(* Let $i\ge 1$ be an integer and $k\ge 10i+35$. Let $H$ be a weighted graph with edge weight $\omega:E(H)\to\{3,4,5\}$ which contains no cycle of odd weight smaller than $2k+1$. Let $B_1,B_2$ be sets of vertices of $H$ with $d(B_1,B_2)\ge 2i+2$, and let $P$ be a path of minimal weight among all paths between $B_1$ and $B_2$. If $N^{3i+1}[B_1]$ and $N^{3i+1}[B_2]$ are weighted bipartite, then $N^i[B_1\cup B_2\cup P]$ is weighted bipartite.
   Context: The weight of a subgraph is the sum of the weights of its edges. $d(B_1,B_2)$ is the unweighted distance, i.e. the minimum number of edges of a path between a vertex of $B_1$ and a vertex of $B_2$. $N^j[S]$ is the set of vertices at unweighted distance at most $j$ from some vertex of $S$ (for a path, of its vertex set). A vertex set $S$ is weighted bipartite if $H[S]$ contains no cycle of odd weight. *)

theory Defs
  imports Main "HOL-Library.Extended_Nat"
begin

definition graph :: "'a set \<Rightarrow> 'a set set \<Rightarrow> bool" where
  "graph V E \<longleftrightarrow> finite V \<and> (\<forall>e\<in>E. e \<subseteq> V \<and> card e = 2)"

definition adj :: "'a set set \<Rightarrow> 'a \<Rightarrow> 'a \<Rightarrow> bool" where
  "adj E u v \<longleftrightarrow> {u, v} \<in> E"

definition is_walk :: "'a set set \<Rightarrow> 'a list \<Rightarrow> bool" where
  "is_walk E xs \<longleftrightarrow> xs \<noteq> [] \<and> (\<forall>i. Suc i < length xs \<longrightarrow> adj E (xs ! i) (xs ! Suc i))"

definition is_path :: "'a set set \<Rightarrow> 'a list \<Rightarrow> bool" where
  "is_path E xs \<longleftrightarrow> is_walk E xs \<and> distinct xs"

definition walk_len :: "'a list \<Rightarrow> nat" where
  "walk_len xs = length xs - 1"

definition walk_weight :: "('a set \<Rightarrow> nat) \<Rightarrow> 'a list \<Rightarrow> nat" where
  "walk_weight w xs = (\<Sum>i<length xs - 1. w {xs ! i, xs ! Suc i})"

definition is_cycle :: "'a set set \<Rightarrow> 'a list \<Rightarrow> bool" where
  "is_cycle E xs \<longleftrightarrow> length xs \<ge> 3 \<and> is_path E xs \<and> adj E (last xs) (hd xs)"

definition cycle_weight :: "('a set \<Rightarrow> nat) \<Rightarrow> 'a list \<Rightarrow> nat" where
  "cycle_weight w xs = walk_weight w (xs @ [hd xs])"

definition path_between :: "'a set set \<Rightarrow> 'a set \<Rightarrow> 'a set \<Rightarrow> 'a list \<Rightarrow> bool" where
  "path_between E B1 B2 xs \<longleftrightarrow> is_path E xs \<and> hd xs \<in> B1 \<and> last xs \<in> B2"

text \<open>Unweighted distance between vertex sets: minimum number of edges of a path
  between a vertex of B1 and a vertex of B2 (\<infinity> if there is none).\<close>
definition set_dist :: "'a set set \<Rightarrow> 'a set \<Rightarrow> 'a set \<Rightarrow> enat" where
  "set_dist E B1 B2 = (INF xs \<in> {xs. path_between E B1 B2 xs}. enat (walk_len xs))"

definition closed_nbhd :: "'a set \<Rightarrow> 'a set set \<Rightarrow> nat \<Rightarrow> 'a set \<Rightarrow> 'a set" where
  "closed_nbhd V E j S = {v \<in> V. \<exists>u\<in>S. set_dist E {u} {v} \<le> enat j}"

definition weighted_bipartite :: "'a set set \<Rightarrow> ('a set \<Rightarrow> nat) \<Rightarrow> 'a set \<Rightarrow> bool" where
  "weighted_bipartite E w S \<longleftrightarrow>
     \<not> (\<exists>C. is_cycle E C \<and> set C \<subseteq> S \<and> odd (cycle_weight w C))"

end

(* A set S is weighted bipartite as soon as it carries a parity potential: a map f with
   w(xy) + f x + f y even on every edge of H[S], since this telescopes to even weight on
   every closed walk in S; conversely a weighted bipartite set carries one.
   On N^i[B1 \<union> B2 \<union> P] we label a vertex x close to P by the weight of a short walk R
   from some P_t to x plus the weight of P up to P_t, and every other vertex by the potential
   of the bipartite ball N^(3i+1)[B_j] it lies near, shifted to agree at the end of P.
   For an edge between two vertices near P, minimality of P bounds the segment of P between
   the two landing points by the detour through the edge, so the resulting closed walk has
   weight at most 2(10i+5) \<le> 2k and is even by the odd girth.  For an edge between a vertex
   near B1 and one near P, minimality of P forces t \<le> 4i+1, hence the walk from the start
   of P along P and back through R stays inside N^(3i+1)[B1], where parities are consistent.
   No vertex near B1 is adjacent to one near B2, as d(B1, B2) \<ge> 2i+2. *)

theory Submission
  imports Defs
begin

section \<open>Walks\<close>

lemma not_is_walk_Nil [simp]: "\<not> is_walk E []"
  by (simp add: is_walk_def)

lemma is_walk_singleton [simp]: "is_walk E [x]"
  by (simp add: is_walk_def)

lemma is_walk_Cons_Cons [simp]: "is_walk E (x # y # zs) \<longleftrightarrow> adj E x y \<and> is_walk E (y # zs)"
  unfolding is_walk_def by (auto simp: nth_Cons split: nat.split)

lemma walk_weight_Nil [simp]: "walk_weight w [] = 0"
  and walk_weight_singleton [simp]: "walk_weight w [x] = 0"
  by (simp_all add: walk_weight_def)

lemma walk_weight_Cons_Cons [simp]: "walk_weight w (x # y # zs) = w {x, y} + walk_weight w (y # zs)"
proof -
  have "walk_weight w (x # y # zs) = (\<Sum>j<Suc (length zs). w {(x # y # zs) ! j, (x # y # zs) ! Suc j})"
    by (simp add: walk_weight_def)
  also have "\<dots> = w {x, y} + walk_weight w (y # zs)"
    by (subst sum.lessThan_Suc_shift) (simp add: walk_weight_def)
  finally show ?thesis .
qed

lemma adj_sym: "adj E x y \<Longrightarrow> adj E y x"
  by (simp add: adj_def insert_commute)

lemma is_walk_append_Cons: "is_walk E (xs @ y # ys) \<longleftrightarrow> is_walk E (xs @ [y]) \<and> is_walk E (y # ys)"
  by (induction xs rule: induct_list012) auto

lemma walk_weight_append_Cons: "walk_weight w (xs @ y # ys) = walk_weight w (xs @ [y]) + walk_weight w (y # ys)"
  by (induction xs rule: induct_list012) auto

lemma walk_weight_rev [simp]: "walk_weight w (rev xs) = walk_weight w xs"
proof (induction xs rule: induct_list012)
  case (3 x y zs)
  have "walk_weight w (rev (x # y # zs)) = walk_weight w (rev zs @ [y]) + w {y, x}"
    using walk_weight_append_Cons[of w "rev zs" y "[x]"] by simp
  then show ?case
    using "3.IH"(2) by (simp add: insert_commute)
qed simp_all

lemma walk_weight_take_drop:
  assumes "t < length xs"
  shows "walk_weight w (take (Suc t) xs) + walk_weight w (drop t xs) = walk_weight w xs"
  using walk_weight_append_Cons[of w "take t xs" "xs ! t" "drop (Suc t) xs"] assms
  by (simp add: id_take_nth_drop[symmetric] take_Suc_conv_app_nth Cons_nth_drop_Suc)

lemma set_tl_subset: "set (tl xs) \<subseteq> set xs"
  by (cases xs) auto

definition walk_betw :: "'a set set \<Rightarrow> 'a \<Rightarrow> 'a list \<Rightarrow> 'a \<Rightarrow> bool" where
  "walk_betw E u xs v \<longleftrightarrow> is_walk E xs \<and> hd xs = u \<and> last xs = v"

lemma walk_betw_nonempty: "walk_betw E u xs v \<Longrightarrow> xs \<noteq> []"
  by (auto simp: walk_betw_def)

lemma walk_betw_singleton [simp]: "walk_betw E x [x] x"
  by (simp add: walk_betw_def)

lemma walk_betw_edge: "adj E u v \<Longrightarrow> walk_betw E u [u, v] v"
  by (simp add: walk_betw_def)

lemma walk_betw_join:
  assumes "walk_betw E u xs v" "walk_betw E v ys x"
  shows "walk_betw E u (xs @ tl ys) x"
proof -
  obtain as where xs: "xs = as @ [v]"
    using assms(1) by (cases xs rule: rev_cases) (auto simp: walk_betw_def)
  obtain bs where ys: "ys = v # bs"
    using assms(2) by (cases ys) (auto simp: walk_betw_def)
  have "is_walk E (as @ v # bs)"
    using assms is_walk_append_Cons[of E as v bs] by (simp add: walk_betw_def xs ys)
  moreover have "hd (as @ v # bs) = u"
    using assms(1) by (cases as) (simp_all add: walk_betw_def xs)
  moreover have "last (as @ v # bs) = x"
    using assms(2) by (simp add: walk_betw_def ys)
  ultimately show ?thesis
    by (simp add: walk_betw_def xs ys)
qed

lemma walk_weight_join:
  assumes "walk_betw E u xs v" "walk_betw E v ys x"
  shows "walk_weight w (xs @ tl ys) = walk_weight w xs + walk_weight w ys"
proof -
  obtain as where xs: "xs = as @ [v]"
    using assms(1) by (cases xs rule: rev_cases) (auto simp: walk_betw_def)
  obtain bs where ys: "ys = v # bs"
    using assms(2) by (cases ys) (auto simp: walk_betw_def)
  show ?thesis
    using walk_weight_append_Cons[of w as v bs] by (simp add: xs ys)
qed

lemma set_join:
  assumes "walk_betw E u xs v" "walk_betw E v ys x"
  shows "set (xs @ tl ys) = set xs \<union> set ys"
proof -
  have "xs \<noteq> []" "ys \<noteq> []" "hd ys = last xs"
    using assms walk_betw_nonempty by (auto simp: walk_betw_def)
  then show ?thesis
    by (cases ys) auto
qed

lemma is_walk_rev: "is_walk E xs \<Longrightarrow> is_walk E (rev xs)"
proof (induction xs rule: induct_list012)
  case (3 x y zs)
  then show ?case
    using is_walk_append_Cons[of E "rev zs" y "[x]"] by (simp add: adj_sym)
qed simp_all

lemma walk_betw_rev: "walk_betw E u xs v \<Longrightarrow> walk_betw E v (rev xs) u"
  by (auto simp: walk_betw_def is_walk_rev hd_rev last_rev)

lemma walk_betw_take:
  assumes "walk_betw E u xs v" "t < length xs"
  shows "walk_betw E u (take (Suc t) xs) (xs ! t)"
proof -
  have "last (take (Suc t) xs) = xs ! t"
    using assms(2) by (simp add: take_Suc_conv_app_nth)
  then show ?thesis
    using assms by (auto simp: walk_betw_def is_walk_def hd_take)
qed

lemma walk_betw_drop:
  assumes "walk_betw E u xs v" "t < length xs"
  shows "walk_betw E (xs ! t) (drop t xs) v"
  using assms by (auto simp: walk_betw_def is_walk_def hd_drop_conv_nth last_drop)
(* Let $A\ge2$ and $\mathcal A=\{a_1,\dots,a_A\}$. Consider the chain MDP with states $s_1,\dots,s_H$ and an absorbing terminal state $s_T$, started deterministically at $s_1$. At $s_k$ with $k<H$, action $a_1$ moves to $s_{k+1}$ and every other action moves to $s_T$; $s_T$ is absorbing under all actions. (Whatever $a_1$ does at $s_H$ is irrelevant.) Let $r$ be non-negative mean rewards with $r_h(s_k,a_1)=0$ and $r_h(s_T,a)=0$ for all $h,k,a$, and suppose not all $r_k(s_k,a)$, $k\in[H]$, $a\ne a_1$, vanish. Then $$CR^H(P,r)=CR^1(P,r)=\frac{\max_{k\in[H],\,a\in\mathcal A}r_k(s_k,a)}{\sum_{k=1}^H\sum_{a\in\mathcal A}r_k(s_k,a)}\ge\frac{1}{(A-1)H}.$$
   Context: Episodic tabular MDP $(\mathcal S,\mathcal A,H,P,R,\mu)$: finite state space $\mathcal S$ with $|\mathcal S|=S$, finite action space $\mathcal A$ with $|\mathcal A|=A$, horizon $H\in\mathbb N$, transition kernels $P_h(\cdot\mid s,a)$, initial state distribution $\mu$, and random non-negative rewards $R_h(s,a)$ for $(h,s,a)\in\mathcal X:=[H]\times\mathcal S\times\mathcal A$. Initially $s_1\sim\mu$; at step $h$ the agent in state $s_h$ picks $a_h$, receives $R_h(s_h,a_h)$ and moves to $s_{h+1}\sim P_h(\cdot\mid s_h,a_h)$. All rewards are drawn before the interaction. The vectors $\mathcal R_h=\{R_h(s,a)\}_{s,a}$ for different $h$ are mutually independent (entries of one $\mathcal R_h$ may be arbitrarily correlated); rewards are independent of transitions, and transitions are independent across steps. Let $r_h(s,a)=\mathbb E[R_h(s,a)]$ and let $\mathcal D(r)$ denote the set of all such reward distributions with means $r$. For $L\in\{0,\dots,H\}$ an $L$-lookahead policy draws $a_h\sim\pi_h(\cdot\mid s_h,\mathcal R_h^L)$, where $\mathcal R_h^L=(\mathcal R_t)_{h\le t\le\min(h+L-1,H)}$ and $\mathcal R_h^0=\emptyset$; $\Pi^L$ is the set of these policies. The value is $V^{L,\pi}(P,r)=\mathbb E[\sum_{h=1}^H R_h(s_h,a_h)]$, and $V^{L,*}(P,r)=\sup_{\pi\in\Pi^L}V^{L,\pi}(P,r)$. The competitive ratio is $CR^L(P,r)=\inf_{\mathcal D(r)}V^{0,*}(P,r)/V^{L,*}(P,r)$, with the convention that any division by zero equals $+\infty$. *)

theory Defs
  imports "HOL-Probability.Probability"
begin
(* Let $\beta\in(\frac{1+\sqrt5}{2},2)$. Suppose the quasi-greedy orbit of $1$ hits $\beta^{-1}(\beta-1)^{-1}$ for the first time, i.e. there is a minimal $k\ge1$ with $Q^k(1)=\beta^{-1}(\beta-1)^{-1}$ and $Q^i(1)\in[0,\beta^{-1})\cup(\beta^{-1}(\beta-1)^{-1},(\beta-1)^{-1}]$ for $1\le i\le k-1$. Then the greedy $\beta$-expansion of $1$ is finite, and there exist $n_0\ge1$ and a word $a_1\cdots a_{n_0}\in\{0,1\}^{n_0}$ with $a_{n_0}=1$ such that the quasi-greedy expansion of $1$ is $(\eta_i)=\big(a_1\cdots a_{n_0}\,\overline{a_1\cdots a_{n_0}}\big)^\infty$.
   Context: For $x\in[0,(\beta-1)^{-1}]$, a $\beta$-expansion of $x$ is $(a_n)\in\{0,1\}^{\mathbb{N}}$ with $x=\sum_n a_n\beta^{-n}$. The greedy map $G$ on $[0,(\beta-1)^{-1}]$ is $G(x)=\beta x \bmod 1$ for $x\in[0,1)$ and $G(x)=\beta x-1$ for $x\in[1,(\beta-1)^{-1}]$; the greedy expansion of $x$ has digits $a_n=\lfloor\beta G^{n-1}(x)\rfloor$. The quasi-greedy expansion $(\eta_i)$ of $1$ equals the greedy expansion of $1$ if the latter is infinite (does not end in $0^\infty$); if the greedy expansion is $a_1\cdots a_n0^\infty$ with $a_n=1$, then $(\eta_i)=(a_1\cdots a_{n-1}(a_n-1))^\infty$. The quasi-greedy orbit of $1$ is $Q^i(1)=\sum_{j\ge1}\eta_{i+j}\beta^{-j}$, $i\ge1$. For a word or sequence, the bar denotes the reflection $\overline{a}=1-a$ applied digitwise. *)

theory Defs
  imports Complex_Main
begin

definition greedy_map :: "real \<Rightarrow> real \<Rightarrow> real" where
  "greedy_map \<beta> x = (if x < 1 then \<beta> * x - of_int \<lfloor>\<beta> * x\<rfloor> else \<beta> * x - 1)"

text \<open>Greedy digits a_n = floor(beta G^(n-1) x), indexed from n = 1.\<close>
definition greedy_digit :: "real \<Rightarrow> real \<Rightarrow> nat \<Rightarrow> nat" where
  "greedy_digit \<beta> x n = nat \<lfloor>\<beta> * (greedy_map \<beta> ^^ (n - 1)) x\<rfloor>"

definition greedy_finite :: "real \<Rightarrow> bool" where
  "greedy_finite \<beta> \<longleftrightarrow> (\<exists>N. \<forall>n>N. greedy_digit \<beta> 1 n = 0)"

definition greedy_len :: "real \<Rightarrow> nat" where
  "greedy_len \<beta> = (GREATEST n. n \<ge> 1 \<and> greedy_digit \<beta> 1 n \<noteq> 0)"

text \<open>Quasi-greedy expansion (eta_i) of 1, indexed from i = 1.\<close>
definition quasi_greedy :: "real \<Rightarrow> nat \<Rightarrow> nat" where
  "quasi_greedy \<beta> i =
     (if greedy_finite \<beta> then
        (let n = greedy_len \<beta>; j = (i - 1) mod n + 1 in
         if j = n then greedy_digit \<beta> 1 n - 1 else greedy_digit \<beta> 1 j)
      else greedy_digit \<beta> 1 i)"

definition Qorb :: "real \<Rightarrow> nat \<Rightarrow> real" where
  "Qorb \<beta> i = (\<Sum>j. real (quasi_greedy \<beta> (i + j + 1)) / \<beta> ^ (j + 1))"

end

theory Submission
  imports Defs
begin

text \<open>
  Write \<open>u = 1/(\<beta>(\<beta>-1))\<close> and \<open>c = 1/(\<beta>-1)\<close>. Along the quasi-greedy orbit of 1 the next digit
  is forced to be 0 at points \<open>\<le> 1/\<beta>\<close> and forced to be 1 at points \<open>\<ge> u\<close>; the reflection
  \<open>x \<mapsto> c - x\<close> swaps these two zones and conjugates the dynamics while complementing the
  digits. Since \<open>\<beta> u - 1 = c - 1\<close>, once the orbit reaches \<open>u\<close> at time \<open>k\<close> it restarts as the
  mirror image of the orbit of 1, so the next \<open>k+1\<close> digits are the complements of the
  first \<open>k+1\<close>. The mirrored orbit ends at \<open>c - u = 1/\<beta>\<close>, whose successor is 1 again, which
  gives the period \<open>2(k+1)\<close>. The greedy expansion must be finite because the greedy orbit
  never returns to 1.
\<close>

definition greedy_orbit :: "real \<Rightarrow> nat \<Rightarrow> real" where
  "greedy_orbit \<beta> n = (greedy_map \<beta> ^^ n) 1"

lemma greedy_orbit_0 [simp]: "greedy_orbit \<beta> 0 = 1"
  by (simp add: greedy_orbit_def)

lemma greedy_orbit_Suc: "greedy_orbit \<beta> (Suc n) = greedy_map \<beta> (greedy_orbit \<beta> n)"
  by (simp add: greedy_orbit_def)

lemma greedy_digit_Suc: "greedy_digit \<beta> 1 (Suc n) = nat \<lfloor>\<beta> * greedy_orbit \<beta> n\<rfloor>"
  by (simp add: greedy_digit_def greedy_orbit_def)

____

→ Action item
Only the number is required: state how many lines of the entries hold the word "subseteq".

→ Reply to the exercise
3